Shamron sighed heavily. Despite the distance and the scrambler, Gabriel could hear an edgy rattle in his chest.
"I want the meeting done the right way," Shamron said. "No more wandering into situations blind and without backup. He gets surveillance before and after. Otherwise, you can wash your hands of this thing and go back to Venice to finish your Bellini."
"If you insist."
"Helpful suggestions are not my way. I'll contact London station tonight and put a man on him. Keep me informed."
Gabriel hung up the phone and stepped outside into the corridor. Ephraim Ben-Avraham was waiting. "Where now?" the young field man asked.
Gabriel looked at his watch. "Take me to the airport."
LONDON
On his second day in London, Gabriel visited a used bookstore in the Charing Cross Road at dusk and purchased a single volume.
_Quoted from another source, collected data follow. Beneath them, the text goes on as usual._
lemma tr_imp_sim: "tr \<Gamma> M A Mt \<Delta> \<Longrightarrow> sim \<Delta> M Mt"
proof (induct rule: tr.induct)
  case (tr_lam A \<Gamma> M B Mt \<Delta>M i At \<Delta>A j Bt \<Delta>B xs t Ats)
  let ?entry = "(t, map (\<lambda>k. dren (telren xs k) (Ats ! k)) [0..<length xs],
    dren (telren xs (length xs)) At, dren (upren (telren xs (length xs))) Mt,
    dren (upren (telren xs (length xs))) Bt)"
  let ?\<Delta> = "lunion \<Delta>A \<Delta>M @ [?entry]"
  have sim_M: "sim ?\<Delta> M Mt" using tr_lam.hyps(2) by (rule sim_mono) auto
  have xs: "cfv (CLam t A M) \<subseteq> set xs" using tr_lam.hyps(7) cfv_subset_FV by blast
  show ?case
  proof (rule sim_lam)
    show "?entry \<in> set ?\<Delta>" by simp
    fix \<rho> assume inst: "label_inst (map DVar xs) \<rho>"
    have "sim ?\<Delta> (cpsubst CVar M) (dsubst (\<rho> \<circ> upren (telren xs (length xs))) Mt)"
    proof (rule sim_cpsubst[OF sim_M])
      fix i assume "i \<in> cfv M"
      then have "\<rho> (upren (telren xs (length xs)) i) = DVar i"
        using xs by (intro label_inst_upren_telren[OF inst]) auto
      then show "sim ?\<Delta> (CVar i) ((\<rho> \<circ> upren (telren xs (length xs))) i)"
        by (simp add: sim_var)
    qed
    then show "sim ?\<Delta> M (dsubst \<rho> (dren (upren (telren xs (length xs))) Mt))"
      by (simp add: dsubst_dren)
  qed simp_all
next
  case tr_pi
  then show ?case by (auto intro!: sim_pi elim: sim_mono)
next
  case tr_app
  then show ?case by (auto intro!: sim_app elim: sim_mono)
qed (auto intro: sim.intros elim: sim_mono)

lemma deq_refl: "deq \<Delta> X X"
  by (rule deq.common[where N = X]) (simp_all add: dsteps_def)

theorem corollary3p15:
  assumes "ground_type A"
    and "value_of v A"
    and "cc_ty [] M A"
    and "distinct (ctags M)"
    and "tr [] M A Mt \<Delta>M"
    and "cred M v"
  shows "\<exists>v'. dsteps (lunion [] \<Delta>M) Mt v' \<and> deq (lunion [] \<Delta>M) v' (base_tr v)"
proof -
  have "whr\<^sup>*\<^sup>* M v" using assms(6,2) by (rule cred_value_imp_whrs)
  moreover have "sim \<Delta>M M Mt" using assms(5) by (rule tr_imp_sim)
  ultimately obtain v' where "dsteps \<Delta>M Mt v'" and "sim \<Delta>M v v'" using sim_whrs by blast
  moreover have "v' = base_tr v" using assms(2) \<open>sim \<Delta>M v v'\<close> by (rule sim_value)
  moreover have "lunion [] \<Delta>M = \<Delta>M" by (simp add: lunion_def)
  ultimately show ?thesis using deq_refl by metis
qed

end
(* Let $\overrightarrow{W}$ be a Morse sequence on a simplicial complex $K$, with reference map $\curlywedge$ and coreference map $\curlyvee$. (1) If $z,z'\in Z_p(K)$ and $\curlywedge(z)=\curlywedge(z')$, then $z+z'\in B_p(K)$, i.e. $z$ and $z'$ are homologous. (2) If $z,z'\in Z^p(K)$ and $\curlyvee(z)=\curlyvee(z')$, then $z+z'\in B^p(K)$, i.e. $z$ and $z'$ are cohomologous.
   Context: A simplicial complex $K$ is a finite collection of non-empty finite sets closed under taking non-empty subsets; $\dim\sigma=|\sigma|-1$, $K^{(p)}$ the set of $p$-simplices. A pair $(\sigma,\tau)$ with $\sigma\subsetneq\tau$ is a free pair for $K$ if $\tau$ is the only simplex other than $\sigma$ containing $\sigma$; $K$ is then an elementary expansion of $K\setminus\{\sigma,\tau\}$. If $\nu$ is a facet (maximal simplex) of $K$, $K$ is an elementary filling of $K\setminus\{\nu\}$. A Morse sequence on $K$ is a sequence $\langle\emptyset=K_0,\dots,K_k=K\rangle$ with each $K_i$ an elementary expansion or filling of $K_{i-1}$; simplices added by fillings are critical; for an expansion $K_i=K_{i-1}\cup\{\sigma,\tau\}$, $\sigma\subset\tau$, $\sigma$ is lower regular and $\tau$ upper regular. $K[p]$ is the $\mathbb{Z}_2$-vector space of subsets of $K^{(p)}$ (sum = symmetric difference, $0=\emptyset$). For $\sigma\in K^{(p)}$, $\partial(\sigma)=\{\tau\in K^{(p-1)}:\tau\subset\sigma\}$, $\delta(\sigma)=\{\tau\in K^{(p+1)}:\sigma\subset\tau\}$, extended linearly to $\partial_p:K[p]\to K[p-1]$, $\delta_p:K[p]\to K[p+1]$; $Z_p(K)=\ker\partial_p$, $B_p(K)=\operatorname{im}\partial_{p+1}$, $Z^p(K)=\ker\delta_p$, $B^p(K)=\operatorname{im}\delta_{p-1}$. The reference map $\curlywedge$ is the unique map assigning to each $p$-simplex a set of critical $p$-simplices, extended linearly (mod 2), with $\curlywedge(\nu)=\{\nu\}$ for critical $\nu$ and $\curlywedge(\tau)=0=\curlywedge(\partial(\tau))$ for upper regular $\tau$; the coreference map $\curlyvee$ is the unique such map with $\curlyvee(\nu)=\{\nu\}$ for critical $\nu$ and $\curlyvee(\sigma)=0=\curlyvee(\delta(\sigma))$ for lower regular $\sigma$. *)

theory Defs
  imports Main
begin

definition simplicial_complex :: "'a set set \<Rightarrow> bool" where
  "simplicial_complex K \<longleftrightarrow> finite K \<and>
     (\<forall>\<sigma>\<in>K. finite \<sigma> \<and> \<sigma> \<noteq> {} \<and> (\<forall>\<tau>. \<tau> \<subseteq> \<sigma> \<and> \<tau> \<noteq> {} \<longrightarrow> \<tau> \<in> K))"

definition simplices :: "'a set set \<Rightarrow> nat \<Rightarrow> 'a set set" where
  "simplices K p = {\<sigma>\<in>K. card \<sigma> = p + 1}"

definition free_pair :: "'a set set \<Rightarrow> 'a set \<Rightarrow> 'a set \<Rightarrow> bool" where
  "free_pair K \<sigma> \<tau> \<longleftrightarrow> \<sigma> \<subset> \<tau> \<and> \<sigma> \<in> K \<and> \<tau> \<in> K \<and>
     (\<forall>\<nu>\<in>K. \<sigma> \<subseteq> \<nu> \<and> \<nu> \<noteq> \<sigma> \<longrightarrow> \<nu> = \<tau>)"

definition facet :: "'a set set \<Rightarrow> 'a set \<Rightarrow> bool" where
  "facet K \<nu> \<longleftrightarrow> \<nu> \<in> K \<and> (\<forall>\<mu>\<in>K. \<nu> \<subseteq> \<mu> \<longrightarrow> \<mu> = \<nu>)"

definition elem_expansion :: "'a set set \<Rightarrow> 'a set set \<Rightarrow> bool" where
  "elem_expansion K' L \<longleftrightarrow> (\<exists>\<sigma> \<tau>. free_pair K' \<sigma> \<tau> \<and> L = K' - {\<sigma>, \<tau>})"

definition elem_filling :: "'a set set \<Rightarrow> 'a set set \<Rightarrow> bool" where
  "elem_filling K' L \<longleftrightarrow> (\<exists>\<nu>. facet K' \<nu> \<and> L = K' - {\<nu>})"

definition morse_seq :: "'a set set \<Rightarrow> 'a set set list \<Rightarrow> bool" where
  "morse_seq K W \<longleftrightarrow> W \<noteq> [] \<and> W ! 0 = {} \<and> last W = K \<and>
     (\<forall>i. 0 < i \<and> i < length W \<longrightarrow>
        elem_expansion (W ! i) (W ! (i - 1)) \<or> elem_filling (W ! i) (W ! (i - 1)))"

definition critical :: "'a set set list \<Rightarrow> 'a set \<Rightarrow> bool" where
  "critical W \<nu> \<longleftrightarrow> (\<exists>i. 0 < i \<and> i < length W \<and> facet (W ! i) \<nu> \<and> W ! (i - 1) = W ! i - {\<nu>})"

definition lower_regular :: "'a set set list \<Rightarrow> 'a set \<Rightarrow> bool" where
  "lower_regular W \<sigma> \<longleftrightarrow> (\<exists>i \<tau>. 0 < i \<and> i < length W \<and> free_pair (W ! i) \<sigma> \<tau> \<and>
        W ! (i - 1) = W ! i - {\<sigma>, \<tau>})"

definition upper_regular :: "'a set set list \<Rightarrow> 'a set \<Rightarrow> bool" where
  "upper_regular W \<tau> \<longleftrightarrow> (\<exists>i \<sigma>. 0 < i \<and> i < length W \<and> free_pair (W ! i) \<sigma> \<tau> \<and>
        W ! (i - 1) = W ! i - {\<sigma>, \<tau>})"

section \<open>Chains over Z_2 (a p-chain is a subset of the p-simplices)\<close>

text \<open>Boundary of a p-chain c (a (p-1)-chain; empty for p = 0).\<close>
definition bd :: "'a set set \<Rightarrow> nat \<Rightarrow> 'a set set \<Rightarrow> 'a set set" where
  "bd K p c = {\<tau>\<in>K. card \<tau> = p \<and> odd (card {\<sigma>\<in>c. \<tau> \<subset> \<sigma>})}"
text \<open>Tower of nice sections: ordinal sum B_0 + ... + B_m of nice sections
  (with the induced orders), i.e. every element of B_i is below every element of B_j, i<j.\<close>
definition tower :: "'a set \<Rightarrow> ('a \<Rightarrow> 'a \<Rightarrow> bool) \<Rightarrow> bool" where
  "tower S le \<longleftrightarrow> (\<exists>Bs :: 'a set list. S = \<Union> (set Bs)
     \<and> (\<forall>i<length Bs. nice_section (Bs ! i) le)
     \<and> (\<forall>i<length Bs. \<forall>j<length Bs. i < j \<longrightarrow> setless le (Bs ! i) (Bs ! j)))"

definition horizon :: "'a set \<Rightarrow> ('a \<Rightarrow> 'a \<Rightarrow> bool) \<Rightarrow> nat" where
  "horizon S le = (LEAST eta. \<forall>k. k + eta \<le> height S le \<longrightarrow>
                      setless le (level S le k) (level S le (k + eta)))"

definition frakN :: "nat \<Rightarrow> 'a set \<Rightarrow> ('a \<Rightarrow> 'a \<Rightarrow> bool) \<Rightarrow> bool" where
  "frakN eta S le \<longleftrightarrow> nice_section S le \<and> height S le \<ge> 2 \<and> horizon S le = eta"

definition retract :: "'a set \<Rightarrow> 'a set \<Rightarrow> ('a \<Rightarrow> 'a \<Rightarrow> bool) \<Rightarrow> bool" where
  "retract R S le \<longleftrightarrow> (\<exists>f. (\<forall>x\<in>S. f x \<in> S)
     \<and> (\<forall>x\<in>S. \<forall>y\<in>S. le x y \<longrightarrow> le (f x) (f y))
     \<and> (\<forall>x\<in>S. f (f x) = f x) \<and> R = f ` S)"

end

theory Submission
  imports Defs
begin

text \<open>A section of height h \<ge> 1 is a grid of elements c k j (row k \<le> h, column j < 3) whose
  order is invariant under rotating the columns; its levels are its rows, so \<lambda> is the row
  index. The horizon \<eta> therefore gives u < w as soon as \<lambda> w \<ge> \<lambda> u + \<eta>, which bounds the
  \<lambda>-spread of an antichain level by \<eta> - 1.

  For the equality case, a 3-element level of the tower R lies in a single block B, since
  distinct blocks are comparable. The column rotation of B extends to an automorphism of R,
  which preserves the levels of R, so the level is a whole row of B. If \<lambda> were not strictly
  increasing on x, y, z, the spread \<eta> - 1 would put one element of an adjacent row of B above
  (or below) all of that row; by the rotation symmetry the two rows are then completely
  comparable, which the definition of a section excludes.\<close>

section \<open>Level sets and rank functions\<close>

lemma rest_subset: "rest S le k \<subseteq> S"
  by (induct k) auto

lemma level_subset_rest: "level S le k \<subseteq> rest S le k"
  unfolding level_def minimals_def by blast

lemma level_subset: "level S le k \<subseteq> S"
  using level_subset_rest rest_subset by (rule order_trans)

lemma level_not_less: "a \<in> level S le k \<Longrightarrow> b \<in> level S le k \<Longrightarrow> \<not> less le a b"
  unfolding level_def minimals_def by auto

lemma poset_subset: "poset S le \<Longrightarrow> R \<subseteq> S \<Longrightarrow> poset R le"
  unfolding poset_def by (meson finite_subset subsetD)

lemma poset_less_trans:
  "poset S le \<Longrightarrow> a \<in> S \<Longrightarrow> b \<in> S \<Longrightarrow> c \<in> S \<Longrightarrow> less le a b \<Longrightarrow> less le b c \<Longrightarrow> less le a c"
  unfolding poset_def less_def by metis

lemma poset_le_less_trans:
  "poset S le \<Longrightarrow> a \<in> S \<Longrightarrow> b \<in> S \<Longrightarrow> c \<in> S \<Longrightarrow> le a b \<Longrightarrow> less le b c \<Longrightarrow> less le a c"
  unfolding poset_def less_def by metis

lemma less_3_iff: "(j::nat) < 3 \<longleftrightarrow> j = 0 \<or> j = 1 \<or> j = 2"
  by arith

lemma image_lessThan_3: "(f :: nat \<Rightarrow> 'a) ` {..<3} = {f 0, f 1, f 2}"
  by (auto simp: less_3_iff)

definition rank_function :: "('a \<Rightarrow> nat) \<Rightarrow> 'a set \<Rightarrow> ('a \<Rightarrow> 'a \<Rightarrow> bool) \<Rightarrow> bool" where
  "rank_function r S le \<longleftrightarrow> (\<forall>u\<in>S. \<forall>w\<in>S. less le u w \<longrightarrow> r u < r w)
     \<and> (\<forall>w\<in>S. \<forall>k<r w. \<exists>u\<in>S. r u = k \<and> less le u w)"
(* Let $\mathcal{X}$ be a finite set, $\pi$ a probability mass function on $\mathcal{X}$ with full support, and $P$ a $\pi$-stationary transition matrix on $\mathcal{X}$. Let a group $\mathcal{G}$ act on $\mathcal{X}$ with orbits $\mathcal{O}_1,\dots,\mathcal{O}_k$, and let $G$ be the associated Gibbs orbit kernel. Then the projection chains of $GPG$ and of $P$ induced by the partition $(\mathcal{O}_i)_{i=1}^k$ coincide: $\overline{GPG}=\overline{P}$.
   Context: The Gibbs orbit kernel is $G(x,y)=\pi(y)/\pi(\mathcal{O}(x))$ if $y$ lies in the orbit $\mathcal{O}(x)$ of $x$, and $0$ otherwise, where $\pi(A)=\sum_{z\in A}\pi(z)$. For a transition matrix $K$ on $\mathcal{X}$, its projection chain induced by $(\mathcal{O}_i)_{i=1}^k$ is the $k\times k$ matrix $\overline{K}(i,j)=\frac{1}{\pi(\mathcal{O}_i)}\sum_{x\in\mathcal{O}_i,\,y\in\mathcal{O}_j}\pi(x)K(x,y)$. *)

theory Defs
  imports "HOL-Analysis.Analysis" "HOL-Algebra.Group_Action"
begin

definition full_support_pmf :: "'b set \<Rightarrow> ('b \<Rightarrow> real) \<Rightarrow> bool" where
  "full_support_pmf X \<pi> \<longleftrightarrow> (\<forall>x\<in>X. \<pi> x > 0) \<and> (\<Sum>x\<in>X. \<pi> x) = 1"

definition transition_matrix :: "'b set \<Rightarrow> ('b \<Rightarrow> 'b \<Rightarrow> real) \<Rightarrow> bool" where
  "transition_matrix X P \<longleftrightarrow> (\<forall>x\<in>X. \<forall>y\<in>X. P x y \<ge> 0) \<and> (\<forall>x\<in>X. (\<Sum>y\<in>X. P x y) = 1)"

definition stationary :: "'b set \<Rightarrow> ('b \<Rightarrow> real) \<Rightarrow> ('b \<Rightarrow> 'b \<Rightarrow> real) \<Rightarrow> bool" where
  "stationary X \<pi> P \<longleftrightarrow> (\<forall>y\<in>X. (\<Sum>x\<in>X. \<pi> x * P x y) = \<pi> y)"

definition kmult :: "'b set \<Rightarrow> ('b \<Rightarrow> 'b \<Rightarrow> real) \<Rightarrow> ('b \<Rightarrow> 'b \<Rightarrow> real) \<Rightarrow> 'b \<Rightarrow> 'b \<Rightarrow> real" where
  "kmult X K L x y = (\<Sum>z\<in>X. K x z * L z y)"

definition gibbs_orbit_kernel ::
  "('g, 'c) monoid_scheme \<Rightarrow> ('g \<Rightarrow> 'b \<Rightarrow> 'b) \<Rightarrow> ('b \<Rightarrow> real) \<Rightarrow> 'b \<Rightarrow> 'b \<Rightarrow> real" where
  "gibbs_orbit_kernel G \<phi> \<pi> x y =
     (if y \<in> orbit G \<phi> x then \<pi> y / (\<Sum>z\<in>orbit G \<phi> x. \<pi> z) else 0)"

definition proj_chain :: "('b \<Rightarrow> real) \<Rightarrow> ('b \<Rightarrow> 'b \<Rightarrow> real) \<Rightarrow> 'b set \<Rightarrow> 'b set \<Rightarrow> real" where
  "proj_chain \<pi> K A B = (1 / (\<Sum>x\<in>A. \<pi> x)) * (\<Sum>x\<in>A. \<Sum>y\<in>B. \<pi> x * K x y)"

end

theory Submission
  imports Defs
begin

text \<open>Write \<open>G\<close> for the Gibbs orbit kernel and \<open>\<pi>\<^sub>A\<close> for \<open>\<pi>\<close> restricted to the orbit \<open>A\<close>.
  Since \<open>G\<close> redistributes mass only inside an orbit, proportionally to \<open>\<pi>\<close>, it fixes the row
  vector \<open>\<pi>\<^sub>A\<close> (\<open>\<pi>\<^sub>A G = \<pi>\<^sub>A\<close>) and the column vector \<open>1\<^sub>B\<close> (\<open>G 1\<^sub>B = 1\<^sub>B\<close>). The unnormalised
  projection entry is \<open>\<pi>\<^sub>A K 1\<^sub>B\<close>, hence \<open>\<pi>\<^sub>A (G P G) 1\<^sub>B = \<pi>\<^sub>A P 1\<^sub>B\<close>.\<close>

lemma (in group_action) orbits_subset: "A \<in> orbits G E \<phi> \<Longrightarrow> A \<subseteq> E"
  using orbits_coverture by blast

lemma (in group_action) orbit_eq_of_mem_orbits:
  assumes "A \<in> orbits G E \<phi>" and "x \<in> A"
  shows "orbit G \<phi> x = A"
proof -
  have "x \<in> E" using assms orbits_subset by blast
  then have "orbit G \<phi> x \<in> orbits G E \<phi>" and "x \<in> orbit G \<phi> x"
    by (auto simp: orbits_def orbit_refl)
  then show ?thesis using disjoint_union[OF _ assms(1)] assms(2) by blast
qed

lemma sum_block_kmult3:
  fixes K P L :: "'b \<Rightarrow> 'b \<Rightarrow> real"
  shows "(\<Sum>x\<in>A. \<Sum>y\<in>B. p x * kmult X (kmult X K P) L x y)
       = (\<Sum>z\<in>X. \<Sum>w\<in>X. (\<Sum>x\<in>A. p x * K x z) * P z w * (\<Sum>y\<in>B. L w y))"
proof -
  have "(\<Sum>x\<in>A. \<Sum>y\<in>B. p x * kmult X (kmult X K P) L x y)
      = (\<Sum>x\<in>A. \<Sum>y\<in>B. \<Sum>w\<in>X. \<Sum>z\<in>X. p x * K x z * P z w * L w y)"
    by (simp add: kmult_def sum_distrib_left sum_distrib_right mult.assoc)
  also have "\<dots> = (\<Sum>x\<in>A. \<Sum>w\<in>X. \<Sum>z\<in>X. \<Sum>y\<in>B. p x * K x z * P z w * L w y)"
    by (simp add: sum.swap[of _ B])
  also have "\<dots> = (\<Sum>w\<in>X. \<Sum>z\<in>X. \<Sum>x\<in>A. \<Sum>y\<in>B. p x * K x z * P z w * L w y)"
    by (simp add: sum.swap[of _ A])
  also have "\<dots> = (\<Sum>z\<in>X. \<Sum>w\<in>X. \<Sum>x\<in>A. \<Sum>y\<in>B. p x * K x z * P z w * L w y)"
    by (rule sum.swap)
  also have "\<dots> = (\<Sum>z\<in>X. \<Sum>w\<in>X. (\<Sum>x\<in>A. p x * K x z) * P z w * (\<Sum>y\<in>B. L w y))"
    by (simp add: sum_distrib_left sum_distrib_right mult.assoc sum.swap[of _ A B])
  finally show ?thesis .
qed

lemma proj_chain_kmult3_eq:
  fixes K P L :: "'b \<Rightarrow> 'b \<Rightarrow> real"
  assumes "finite X" and "A \<subseteq> X" and "B \<subseteq> X"
    and left_fixed: "\<And>z. z \<in> X \<Longrightarrow> (\<Sum>x\<in>A. \<pi> x * K x z) = (if z \<in> A then \<pi> z else 0)"
    and right_fixed: "\<And>w. w \<in> X \<Longrightarrow> (\<Sum>y\<in>B. L w y) = (if w \<in> B then 1 else 0)"
  shows "proj_chain \<pi> (kmult X (kmult X K P) L) A B = proj_chain \<pi> P A B"
proof -
  have "(\<Sum>x\<in>A. \<Sum>y\<in>B. \<pi> x * kmult X (kmult X K P) L x y)
      = (\<Sum>z\<in>X. \<Sum>w\<in>X. (if z \<in> A then \<pi> z else 0) * P z w * (if w \<in> B then 1 else 0))"
    by (simp add: sum_block_kmult3 left_fixed right_fixed)
  also have "\<dots> = (\<Sum>z\<in>X. if z \<in> A then (\<Sum>w\<in>X. if w \<in> B then \<pi> z * P z w else 0) else 0)"
    by (intro sum.cong refl) (auto intro: sum.cong)
  also have "\<dots> = (\<Sum>z\<in>A. \<Sum>w\<in>B. \<pi> z * P z w)"
    using assms(1-3) by (simp add: sum.If_cases Int_absorb1 Int_absorb2)
  finally show ?thesis unfolding proj_chain_def by simp
qed

context group_action
begin

lemma gibbs_orbit_kernel_weighted_sum_orbit:
  assumes "A \<in> orbits G E \<phi>" and "(\<Sum>x\<in>A. \<pi> x) \<noteq> 0"
  shows "(\<Sum>x\<in>A. \<pi> x * gibbs_orbit_kernel G \<phi> \<pi> x z) = (if z \<in> A then \<pi> z else 0)"
proof -
  have "(\<Sum>x\<in>A. \<pi> x * gibbs_orbit_kernel G \<phi> \<pi> x z)
      = (\<Sum>x\<in>A. \<pi> x * (if z \<in> A then \<pi> z / (\<Sum>x\<in>A. \<pi> x) else 0))"
    using orbit_eq_of_mem_orbits[OF assms(1)] by (intro sum.cong) (simp_all add: gibbs_orbit_kernel_def)
  also have "\<dots> = (if z \<in> A then \<pi> z else 0)"
    using assms(2) by (simp add: sum_distrib_right[symmetric])
  finally show ?thesis .
qed

lemma gibbs_orbit_kernel_sum_orbit:
  assumes "B \<in> orbits G E \<phi>" and "(\<Sum>y\<in>B. \<pi> y) \<noteq> 0" and "w \<in> E"
  shows "(\<Sum>y\<in>B. gibbs_orbit_kernel G \<phi> \<pi> w y) = (if w \<in> B then 1 else 0)"
proof (cases "w \<in> B")
  case True
  then have "(\<Sum>y\<in>B. gibbs_orbit_kernel G \<phi> \<pi> w y) = (\<Sum>y\<in>B. \<pi> y / (\<Sum>y\<in>B. \<pi> y))"
    using orbit_eq_of_mem_orbits[OF assms(1)] by (simp add: gibbs_orbit_kernel_def)
  also have "\<dots> = 1"
    using assms(2) by (simp add: sum_divide_distrib[symmetric])
  finally show ?thesis using True by simp
next
  case False
  have orbit_w: "orbit G \<phi> w \<in> orbits G E \<phi>"
    using assms(3) by (auto simp: orbits_def)
  have "y \<notin> orbit G \<phi> w" if "y \<in> B" for y
  proof
    assume "y \<in> orbit G \<phi> w"
    then have "orbit G \<phi> y = orbit G \<phi> w" by (rule orbit_eq_of_mem_orbits[OF orbit_w])
    moreover have "orbit G \<phi> y = B" by (rule orbit_eq_of_mem_orbits[OF assms(1) that])
    ultimately have "orbit G \<phi> w = B" by (rule subst)
    then show False using False orbit_refl[OF assms(3)] by blast
  qed
  then have "(\<Sum>y\<in>B. gibbs_orbit_kernel G \<phi> \<pi> w y) = 0"
    by (intro sum.neutral) (simp add: gibbs_orbit_kernel_def)
  then show ?thesis using False by simp
qed

end

theorem proposition2p4:
  fixes X :: "'b set" and \<pi> :: "'b \<Rightarrow> real" and P :: "'b \<Rightarrow> 'b \<Rightarrow> real"
    and G :: "('g, 'c) monoid_scheme" and \<phi> :: "'g \<Rightarrow> 'b \<Rightarrow> 'b"
  assumes "finite X"
    and "full_support_pmf X \<pi>"
    and "transition_matrix X P"
    and "stationary X \<pi> P"
    and "group_action G X \<phi>"
    and "A \<in> orbits G X \<phi>" and "B \<in> orbits G X \<phi>"
  shows "proj_chain \<pi> (kmult X (kmult X (gibbs_orbit_kernel G \<phi> \<pi>) P) (gibbs_orbit_kernel G \<phi> \<pi>)) A B
         = proj_chain \<pi> P A B"
proof -
  interpret group_action G X \<phi> by fact
  have orbit_mass_nonzero: "(\<Sum>x\<in>C. \<pi> x) \<noteq> 0" if "C \<in> orbits G X \<phi>" for C
  proof -
    have "(\<Sum>x\<in>C. \<pi> x) > 0"
    proof (rule sum_pos)
      show "finite C" using orbits_subset[OF that] \<open>finite X\<close> finite_subset by blast
      show "C \<noteq> {}" using that orbit_refl by (auto simp: orbits_def)
      show "\<And>x. x \<in> C \<Longrightarrow> \<pi> x > 0"
        using orbits_subset[OF that] assms(2) by (auto simp: full_support_pmf_def)
    qed
    then show ?thesis by simp
  qed
  show ?thesis
  proof (rule proj_chain_kmult3_eq)
    show "finite X" "A \<subseteq> X" "B \<subseteq> X"
      using assms(1,6,7) orbits_subset by auto
    show "(\<Sum>x\<in>A. \<pi> x * gibbs_orbit_kernel G \<phi> \<pi> x z) = (if z \<in> A then \<pi> z else 0)" for z
      using gibbs_orbit_kernel_weighted_sum_orbit[OF assms(6) orbit_mass_nonzero[OF assms(6)]] .
    show "(\<Sum>y\<in>B. gibbs_orbit_kernel G \<phi> \<pi> w y) = (if w \<in> B then 1 else 0)" if "w \<in> X" for w
      using gibbs_orbit_kernel_sum_orbit[OF assms(7) orbit_mass_nonzero[OF assms(7)] that] .
  qed
qed

end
He tucked it beneath his arm and walked to the Leicester Square underground station. At the entrance he removed the well-worn dust jacket and tossed it into a rubbish bin. Inside the station, he bought a ticket from the automated dispenser and rode the long escalator down to the Northern Line platform, where he endured an obligatory ten-minute delay. He used the time to leaf through the book. When he found the passage he was looking for, he circled it in red ink and folded the page to mark the place.